2.5. Target Identification for the Computational Model

Three compounds oleanolic acid, stigmasterol, and 7 α, 28-olean diol from the list of GC-MS characterized compounds were selected for bioinformatic-based network pharmacological analyses. These compounds were preferred because they were also identified by other authors via vacuum liquid chromatography (VLC) analysis [17] from Hatikana as well as their abundance of occurrence in GC-MS analysis.

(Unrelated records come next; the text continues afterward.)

(* Let $\mathbb F$ be a field, $q\in\mathbb F$, $f,g\in\mathbb F[h]$. The associated graded algebra $\mathrm{Gr}(\mathcal H_q(f,g))=\bigoplus_{\alpha,\beta\ge 0}\mathcal F_{(\alpha,\beta)}/\mathcal F^-_{(\alpha,\beta)}$ is generated by the images $\bar x,\bar y,\bar h$ of $x,y,h$ subject to the relations $\bar h\bar x=\bar x f(\bar h)$, $\bar y\bar h=f(\bar h)\bar y$, $\bar y\bar x=q\bar x\bar y$; that is, $\mathrm{Gr}(\mathcal H_q(f,g))\cong\mathcal H_q(f,0)$.
   Context: For a field $\mathbb F$, $q\in\mathbb F$ and $f,g\in\mathbb F[h]$, $\mathcal H_q(f,g)$ is the unital associative $\mathbb F$-algebra generated by $x,y,h$ with relations $hx=xf(h)$, $yh=f(h)y$, $yx-qxy=g(h)$. Every element $a$ can be written uniquely as $a=\sum_{i,j\ge 0}x^ip_{ij}(h)y^j$ with $p_{ij}\in\mathbb F[h]$. For $a\ne0$, $\mathrm{Deg}(a)$ is the lexicographic maximum of $\{(i,j):p_{ij}\ne 0\}$, $\mathrm{Deg}(0)=(-\infty,-\infty)$; $\mathcal F_{(\alpha,\beta)}=\{a:\mathrm{Deg}(a)\le(\alpha,\beta)\}$ and $\mathcal F^-_{(\alpha,\beta)}=\{a:\mathrm{Deg}(a)<(\alpha,\beta)\}$ in lexicographic order; these form an increasing $\mathbb Z_{\ge0}^2$-filtration of $\mathcal H_q(f,g)$. *)

theory Defs
  imports "HOL-Algebra.Ring" "HOL-Computational_Algebra.Polynomial"
    "HOL-Library.Product_Lexorder" "HOL-Library.Option_ord"
begin

definition is_F_algebra :: "('a, 'm) ring_scheme \<Rightarrow> ('k::field \<Rightarrow> 'a) \<Rightarrow> bool" where
  "is_F_algebra R emb \<longleftrightarrow> ring R \<and>
     (\<forall>c. emb c \<in> carrier R) \<and>
     (\<forall>c d. emb (c + d) = emb c \<oplus>\<^bsub>R\<^esub> emb d) \<and>
     (\<forall>c d. emb (c * d) = emb c \<otimes>\<^bsub>R\<^esub> emb d) \<and>
     emb 1 = \<one>\<^bsub>R\<^esub> \<and>
     (\<forall>c. \<forall>a\<in>carrier R. emb c \<otimes>\<^bsub>R\<^esub> a = a \<otimes>\<^bsub>R\<^esub> emb c)"

definition peval :: "('a, 'm) ring_scheme \<Rightarrow> ('k::field \<Rightarrow> 'a) \<Rightarrow> 'k poly \<Rightarrow> 'a \<Rightarrow> 'a" where
  "peval R emb p a = finsum R (\<lambda>i. emb (coeff p i) \<otimes>\<^bsub>R\<^esub> (a [^]\<^bsub>R\<^esub> (i::nat))) {..degree p}"

definition psupp :: "(nat \<Rightarrow> nat \<Rightarrow> 'k::zero) \<Rightarrow> (nat \<times> nat) set" where
  "psupp P = {(i, j). P i j \<noteq> 0}"

definition nf :: "('a, 'm) ring_scheme \<Rightarrow> ('k::field \<Rightarrow> 'a) \<Rightarrow> 'a \<Rightarrow> 'a \<Rightarrow> 'a
                   \<Rightarrow> (nat \<Rightarrow> nat \<Rightarrow> 'k poly) \<Rightarrow> 'a" where
  "nf R emb x y h P = finsum R
     (\<lambda>(i, j). (x [^]\<^bsub>R\<^esub> (i::nat)) \<otimes>\<^bsub>R\<^esub> peval R emb (P i j) h \<otimes>\<^bsub>R\<^esub> (y [^]\<^bsub>R\<^esub> (j::nat)))
     (psupp P)"

text \<open>R (with scalars emb and distinguished elements x, y, h) is (a copy of) the algebra
  H_q(f,g): it is an F-algebra, x, y, h satisfy the defining relations
  hx = x f(h), yh = f(h) y, yx - q xy = g(h), and every element has a unique expression
  sum_{i,j} x^i p_ij(h) y^j.  (Such an algebra is canonically isomorphic to the algebra
  presented by these generators and relations.)\<close>
definition is_Hq :: "('a, 'm) ring_scheme \<Rightarrow> ('k::field \<Rightarrow> 'a) \<Rightarrow> 'k \<Rightarrow> 'k poly \<Rightarrow> 'k poly
                     \<Rightarrow> 'a \<Rightarrow> 'a \<Rightarrow> 'a \<Rightarrow> bool" where
  "is_Hq R emb q f g x y h \<longleftrightarrow>
     is_F_algebra R emb \<and> x \<in> carrier R \<and> y \<in> carrier R \<and> h \<in> carrier R \<and>
     h \<otimes>\<^bsub>R\<^esub> x = x \<otimes>\<^bsub>R\<^esub> peval R emb f h \<and>
     y \<otimes>\<^bsub>R\<^esub> h = peval R emb f h \<otimes>\<^bsub>R\<^esub> y \<and>
     y \<otimes>\<^bsub>R\<^esub> x = (emb q \<otimes>\<^bsub>R\<^esub> x \<otimes>\<^bsub>R\<^esub> y) \<oplus>\<^bsub>R\<^esub> peval R emb g h \<and>
     (\<forall>a\<in>carrier R. \<exists>!P. finite (psupp P) \<and> a = nf R emb x y h P)"

definition nfcoef :: "('a, 'm) ring_scheme \<Rightarrow> ('k::field \<Rightarrow> 'a) \<Rightarrow> 'a \<Rightarrow> 'a \<Rightarrow> 'a
                       \<Rightarrow> 'a \<Rightarrow> nat \<Rightarrow> nat \<Rightarrow> 'k poly" where
  "nfcoef R emb x y h a = (THE P. finite (psupp P) \<and> a = nf R emb x y h P)"

text \<open>Deg(a) is the lexicographic maximum of the support (pairs are ordered
  lexicographically by Product_Lexorder); None plays the role of (-inf,-inf), and
  None is below every Some d (Option_ord).\<close>
definition Deg :: "('a, 'm) ring_scheme \<Rightarrow> ('k::field \<Rightarrow> 'a) \<Rightarrow> 'a \<Rightarrow> 'a \<Rightarrow> 'a
                    \<Rightarrow> 'a \<Rightarrow> (nat \<times> nat) option" where
  "Deg R emb x y h a =
     (let S = psupp (nfcoef R emb x y h a) in if S = {} then None else Some (Max S))"

definition Filt :: "('a, 'm) ring_scheme \<Rightarrow> ('k::field \<Rightarrow> 'a) \<Rightarrow> 'a \<Rightarrow> 'a \<Rightarrow> 'a
                     \<Rightarrow> nat \<times> nat \<Rightarrow> 'a set" where
  "Filt R emb x y h d = {a \<in> carrier R. Deg R emb x y h a \<le> Some d}"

2.6. Bioactive Compound-Target Protein Network Construction

Target compounds for network pharmacology were selected from the GC-MS analysis data and the bioactive compounds isolated through vacuum liquid chromatography (VLC) for fractionation over silica gel (kieselgel 60H, 70-230 mesh) with a mobile phase of n-hexane: ethyl acetate [17]. STITCH 5 (http://stitch.embl.de/, ver.5.0) was used on the basis of network pharmacology-based prediction to classify target proteins associated with bioactive phytochemicals that were found in HKEx [18]. It calculates a score for each pair of protein-chemical interactions. Chemical names of bioactive compounds (oleanolic acid, NZ-15; 7 α, 28-olean diol, NZ-38; and stigmasterol, NZ-14) were put into STITCH 5 together to match their potential targets, with the organism selected as “Homo sapiens” and medium required interaction score being 0.4 (threshold level). Twenty-seven medium confidence target proteins were predicted, 15 for oleanolic acid (NZ-15), and 12 for stigmasterol (NZ-14), but no target was identified for the third compound, 7 alpha, 28-olean diol. The compound targets with no association with the interactions of compound proteins were not taken into account for further analysis. Compound-protein interaction data were imported into Cytoscape 3.6.1 software to compare and construct a compound-protein interaction network [19].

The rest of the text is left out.